Task details: Copy verbatim the block of lines in the entries below whose first line contains "obtain l w'" and whose last line contains "using \<open>0 <". Leave out all other lines.
· · · ·
lemma qform_M_coercive:
  obtains \<beta> where "0 < \<beta>" and "\<And>w. 0 \<le> qform N w \<Longrightarrow> \<beta> * (vtop w \<bullet> vtop w) \<le> qform M w"
proof -
  define C where "C = {w. 0 \<le> qform N w \<and> (\<forall>l\<in>null_directions. l \<bullet> w = 0)}"
  have "closed C"
  proof -
    have "C = {w. 0 \<le> qform N w} \<inter> (\<Inter>l\<in>null_directions. {w. l \<bullet> w = 0})"
      by (auto simp: C_def)
    then show ?thesis
      by (auto intro!: closed_Int closed_INT closed_hyperplane closed_Collect_le continuous_intros)
  qed
  moreover have cone: "s *\<^sub>R w \<in> C" if "w \<in> C" "0 < s" for w s
    using that qform_scaleR[of s w N] by (auto simp: C_def)
  moreover have pos: "0 < qform M w" if "w \<in> C" "w \<noteq> 0" for w
    using that qform_M_pos_orthogonal_null_directions by (simp add: C_def)
  ultimately obtain \<beta> where "0 < \<beta>" and \<beta>: "\<And>w. w \<in> C \<Longrightarrow> \<beta> * (norm w)^2 \<le> qform M w"
    using qform_coercive_on_cone[of C M] by blast
  \<comment> \<open>Reduce to \<open>C\<close> by discarding the component of \<open>w\<close> in \<open>null_directions\<close>.\<close>
  have "\<beta> * (vtop w \<bullet> vtop w) \<le> qform M w" if "0 \<le> qform N w" for w
  proof -
    obtain l w' where "l \<in> span null_directions" and w': "\<And>l. l \<in> span null_directions \<Longrightarrow> orthogonal w' l"
      and "w = w' + l"
      using orthogonal_subspace_decomp_exists[of null_directions w] by (metis add.commute)
    then have l: "l \<in> null_directions"
      by (simp only: span_eq_iff[THEN iffD2, OF subspace_null_directions])
    have M: "qform M w = qform M w'" and N: "qform N w = qform N w'"
      using \<open>w = w' + l\<close> null_directions_kernel[OF l] qform_add_kernel sym_M sym_N by auto
    have top: "vtop w = vtop w'" using \<open>w = w' + l\<close> l by (simp add: null_directions_def)
    have "w' \<in> C"
      using that N w' span_base by (auto simp: C_def orthogonal_def inner_commute)
    have "vtop w' \<bullet> vtop w' \<le> (norm w')^2"
      by (simp add: power2_norm_eq_inner inner_blocks[of w' w'])
    then have "\<beta> * (vtop w' \<bullet> vtop w') \<le> \<beta> * (norm w')^2"
      using \<open>0 < \<beta>\<close> by simp
    then show ?thesis using \<beta>[OF \<open>w' \<in> C\<close>] M top by simp
  qed
  then show ?thesis using that \<open>0 < \<beta>\<close> by blast
qed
· · · ·
Task answer:
    obtain l w' where "l \<in> span null_directions" and w': "\<And>l. l \<in> span null_directions \<Longrightarrow> orthogonal w' l"
      and "w = w' + l"
      using orthogonal_subspace_decomp_exists[of null_directions w] by (metis add.commute)
    then have l: "l \<in> null_directions"
      by (simp only: span_eq_iff[THEN iffD2, OF subspace_null_directions])
    have M: "qform M w = qform M w'" and N: "qform N w = qform N w'"
      using \<open>w = w' + l\<close> null_directions_kernel[OF l] qform_add_kernel sym_M sym_N by auto
    have top: "vtop w = vtop w'" using \<open>w = w' + l\<close> l by (simp add: null_directions_def)
    have "w' \<in> C"
      using that N w' span_base by (auto simp: C_def orthogonal_def inner_commute)
    have "vtop w' \<bullet> vtop w' \<le> (norm w')^2"
      by (simp add: power2_norm_eq_inner inner_blocks[of w' w'])
    then have "\<beta> * (vtop w' \<bullet> vtop w') \<le> \<beta> * (norm w')^2"
      using \<open>0 < \<beta>\<close> by simp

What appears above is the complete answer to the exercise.